| Exercise directions |
Look through the entries below and return all lines including the word "couplings".
- Opening Delimiter -
(* For $\theta^*\in\Theta=\mathbb{R}^p$ let $P_{\theta^*}=\mathcal{N}(\theta^*,I_p)$, and consider data $X_1,\dots,X_n\stackrel{i.i.d.}{\sim}P$ where $W(P,P_{\theta^*})\le\epsilon$. There exist constants $C,c>0$ such that $$\inf_{\widehat\theta}\sup_{\theta^*\in\Theta,\;P:W(P_{\theta^*},P)\le\epsilon}\mathbb{P}\left(\|\theta^*-\widehat\theta\|_2\ge C\left(\sqrt{\frac pn}\vee\epsilon\right)\right)\ge c,$$ the infimum being over all estimators $\widehat\theta$ based on $X_1,\dots,X_n$.
   Context: $W$ is the Wasserstein-1 distance $W(P,Q)=\inf_\Pi\mathbb{E}_\Pi\|X-Y\|_2$ over couplings. $a\vee b=\max(a,b)$. *)

theory Defs
  imports "HOL-Probability.Probability"
begin

text \<open>R^p is represented by the finite product measure over the index set {..<p}
  (elements are functions nat => real, extensional outside {..<p}).\<close>

definition Rp :: "nat \<Rightarrow> (nat \<Rightarrow> real) measure" where
  "Rp p = PiM {..<p} (\<lambda>_. lborel)"

definition euclid_dist :: "nat \<Rightarrow> (nat \<Rightarrow> real) \<Rightarrow> (nat \<Rightarrow> real) \<Rightarrow> real" where
  "euclid_dist p x y = sqrt (\<Sum>i<p. (x i - y i)\<^sup>2)"

definition gauss :: "nat \<Rightarrow> (nat \<Rightarrow> real) \<Rightarrow> (nat \<Rightarrow> real) measure" where
  "gauss p \<theta> = PiM {..<p} (\<lambda>i. density lborel (normal_density (\<theta> i) 1))"

definition couplings :: "nat \<Rightarrow> (nat \<Rightarrow> real) measure \<Rightarrow> (nat \<Rightarrow> real) measure
    \<Rightarrow> ((nat \<Rightarrow> real) \<times> (nat \<Rightarrow> real)) measure set" where
  "couplings p P Q = {Q2. sets Q2 = sets (Rp p \<Otimes>\<^sub>M Rp p) \<and> prob_space Q2
      \<and> distr Q2 (Rp p) fst = P \<and> distr Q2 (Rp p) snd = Q}"

definition wasserstein1 :: "nat \<Rightarrow> (nat \<Rightarrow> real) measure \<Rightarrow> (nat \<Rightarrow> real) measure \<Rightarrow> ennreal" where
  "wasserstein1 p P Q = (INF Q2 \<in> couplings p P Q.
      \<integral>\<^sup>+ z. ennreal (euclid_dist p (fst z) (snd z)) \<partial>Q2)"

definition robust_model :: "nat \<Rightarrow> (nat \<Rightarrow> real) \<Rightarrow> real \<Rightarrow> (nat \<Rightarrow> real) measure set" where
  "robust_model p \<theta> \<epsilon> = {P. prob_space P \<and> sets P = sets (Rp p)
      \<and> wasserstein1 p (gauss p \<theta>) P \<le> ennreal \<epsilon>}"

definition sample :: "nat \<Rightarrow> (nat \<Rightarrow> real) measure \<Rightarrow> (nat \<Rightarrow> nat \<Rightarrow> real) measure" where
  "sample n P = PiM {..<n} (\<lambda>_. P)"

definition estimators :: "nat \<Rightarrow> nat \<Rightarrow> ((nat \<Rightarrow> nat \<Rightarrow> real) \<Rightarrow> (nat \<Rightarrow> real)) set" where
  "estimators p n = PiM {..<n} (\<lambda>_. Rp p) \<rightarrow>\<^sub>M Rp p"

end

theory Submission
  imports Defs
begin

text \<open>Two lower bounds are combined, according to which of \<open>sqrt (p / n)\<close> and \<open>\<epsilon>\<close>
  dominates.

  For the statistical rate, put the prior \<open>N(0, I\<^sub>p / n)\<close> on \<open>\<theta>\<close>. Given the data, the
  coordinates of \<open>\<theta>\<close> are independent a posteriori, each Gaussian with precision \<open>2 n\<close>, so
  damping the posterior by \<open>exp (- 3 n (\<theta>\<^sub>i - b\<^sub>i)\<^sup>2)\<close> costs a factor
  \<open>sqrt (2 n / 8 n) = 1 / 2\<close> per coordinate. As the indicator of \<open>\<parallel>\<theta> - \<theta>h\<parallel> < r\<close> is at most
  \<open>exp (3 n (r\<^sup>2 - \<parallel>\<theta> - \<theta>h\<parallel>\<^sup>2))\<close>, the prior average of \<open>P\<^sub>\<theta>(\<parallel>\<theta> - \<theta>h\<parallel> < r)\<close> is at most
  \<open>exp (3 n r\<^sup>2) / 2\<^sup>p\<close>, which is below \<open>4 / 5\<close> for \<open>r = sqrt (p / n) / 4\<close>. Hence some \<open>\<theta>\<close>
  is missed by \<open>r\<close> with probability above \<open>1 / 5\<close>.

  For the contamination rate, the single distribution \<open>N(0, I\<^sub>p)\<close> lies within Wasserstein
  distance \<open>\<epsilon>\<close> of both \<open>N(0, I\<^sub>p)\<close> and \<open>N(\<epsilon> e\<^sub>0, I\<^sub>p)\<close>. Their centres are \<open>\<epsilon>\<close> apart, so
  no estimate is within \<open>\<epsilon> / 4\<close> of both, and one of them is missed with probability at
  least \<open>1 / 2\<close>.\<close>

section \<open>Products of measures with densities\<close>

lemma indicator_PiE_eq_prod:
  assumes "finite I" and "x \<in> extensional I"
  shows "indicator (PiE I A) x = (\<Prod>i\<in>I. indicator (A i) (x i) :: ennreal)"
proof (cases "x \<in> PiE I A")
  case False
  with assms(2) obtain i where "i \<in> I" "x i \<notin> A i" by (auto simp: PiE_def)
  then have "(\<Prod>i\<in>I. indicator (A i) (x i) :: ennreal) = 0"
    using assms(1) by (intro prod_zero bexI[of _ i]) auto
  with False show ?thesis by simp
qed (simp add: PiE_iff)

lemma PiM_density:
  fixes M :: "'i \<Rightarrow> 'a measure" and f :: "'i \<Rightarrow> 'a \<Rightarrow> ennreal"
  assumes I: "finite I"
    and M: "\<And>i. sigma_finite_measure (M i)"
    and Mf: "\<And>i. sigma_finite_measure (density (M i) (f i))"
    and f[measurable]: "\<And>i. f i \<in> borel_measurable (M i)"
  shows "PiM I (\<lambda>i. density (M i) (f i)) = density (PiM I M) (\<lambda>x. \<Prod>i\<in>I. f i (x i))"
proof -
  interpret D: product_sigma_finite "\<lambda>i. density (M i) (f i)"
    unfolding product_sigma_finite_def using Mf by auto
  interpret P: product_sigma_finite M
    unfolding product_sigma_finite_def using M by auto
  show ?thesis
  proof (rule D.PiM_eqI[OF I, symmetric])
    show "sets (density (PiM I M) (\<lambda>x. \<Prod>i\<in>I. f i (x i))) = sets (PiM I (\<lambda>i. density (M i) (f i)))"
      by (simp cong: sets_PiM_cong)
  next
    fix A assume "\<And>i. i \<in> I \<Longrightarrow> A i \<in> sets (density (M i) (f i))"
    then have A: "\<And>i. i \<in> I \<Longrightarrow> A i \<in> sets (M i)" by simp
    then have "emeasure (density (PiM I M) (\<lambda>x. \<Prod>i\<in>I. f i (x i))) (PiE I A)
        = (\<integral>\<^sup>+x. (\<Prod>i\<in>I. f i (x i) * indicator (A i) (x i)) \<partial>PiM I M)"
      using I by (simp add: emeasure_density sets_PiM_I_finite)
        (auto simp: space_PiM PiE_iff indicator_PiE_eq_prod[OF I] prod.distrib intro!: nn_integral_cong)
    also have "\<dots> = (\<Prod>i\<in>I. emeasure (density (M i) (f i)) (A i))"
      using I A by (subst P.product_nn_integral_prod) (auto intro!: prod.cong simp: emeasure_density)
    finally show "emeasure (density (PiM I M) (\<lambda>x. \<Prod>i\<in>I. f i (x i))) (PiE I A)
        = (\<Prod>i\<in>I. emeasure (density (M i) (f i)) (A i))" .
  qed
qed

lemma distr_PiM_componentwise:
  fixes f :: "'i \<Rightarrow> 'a \<Rightarrow> 'b"
  assumes I: "finite I" and M: "\<And>i. prob_space (M i)"
    and f[measurable]: "\<And>i. f i \<in> M i \<rightarrow>\<^sub>M N i"
  shows "distr (PiM I M) (PiM I N) (\<lambda>x. \<lambda>i\<in>I. f i (x i)) = PiM I (\<lambda>i. distr (M i) (N i) (f i))"
proof -
  interpret D: product_prob_space "\<lambda>i. distr (M i) (N i) (f i)"
    by (intro product_prob_spaceI prob_space.prob_space_distr M f)
  interpret P: product_prob_space M
    by (intro product_prob_spaceI M)
  show ?thesis
  proof (rule D.PiM_eqI[OF I])
    show "sets (distr (PiM I M) (PiM I N) (\<lambda>x. \<lambda>i\<in>I. f i (x i))) = sets (PiM I (\<lambda>i. distr (M i) (N i) (f i)))"
      by (simp cong: sets_PiM_cong)
  next
    fix A assume "\<And>i. i \<in> I \<Longrightarrow> A i \<in> sets (distr (M i) (N i) (f i))"
    then have A[measurable]: "\<And>i. i \<in> I \<Longrightarrow> A i \<in> sets (N i)" by simp
    have "(\<lambda>x. \<lambda>i\<in>I. f i (x i)) -` PiE I A \<inter> space (PiM I M) = PiE I (\<lambda>i. f i -` A i \<inter> space (M i))"
      by (auto simp: space_PiM PiE_iff)
    then show "emeasure (distr (PiM I M) (PiM I N) (\<lambda>x. \<lambda>i\<in>I. f i (x i))) (PiE I A)
        = (\<Prod>i\<in>I. emeasure (distr (M i) (N i) (f i)) (A i))"
      using I by (simp add: emeasure_distr sets_PiM_I_finite P.emeasure_PiM)
  qed
qed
- Closing Delimiter -
| Answer to this task |
   Context: $W$ is the Wasserstein-1 distance $W(P,Q)=\inf_\Pi\mathbb{E}_\Pi\|X-Y\|_2$ over couplings. $a\vee b=\max(a,b)$. *)
definition couplings :: "nat \<Rightarrow> (nat \<Rightarrow> real) measure \<Rightarrow> (nat \<Rightarrow> real) measure
  "couplings p P Q = {Q2. sets Q2 = sets (Rp p \<Otimes>\<^sub>M Rp p) \<and> prob_space Q2
  "wasserstein1 p P Q = (INF Q2 \<in> couplings p P Q.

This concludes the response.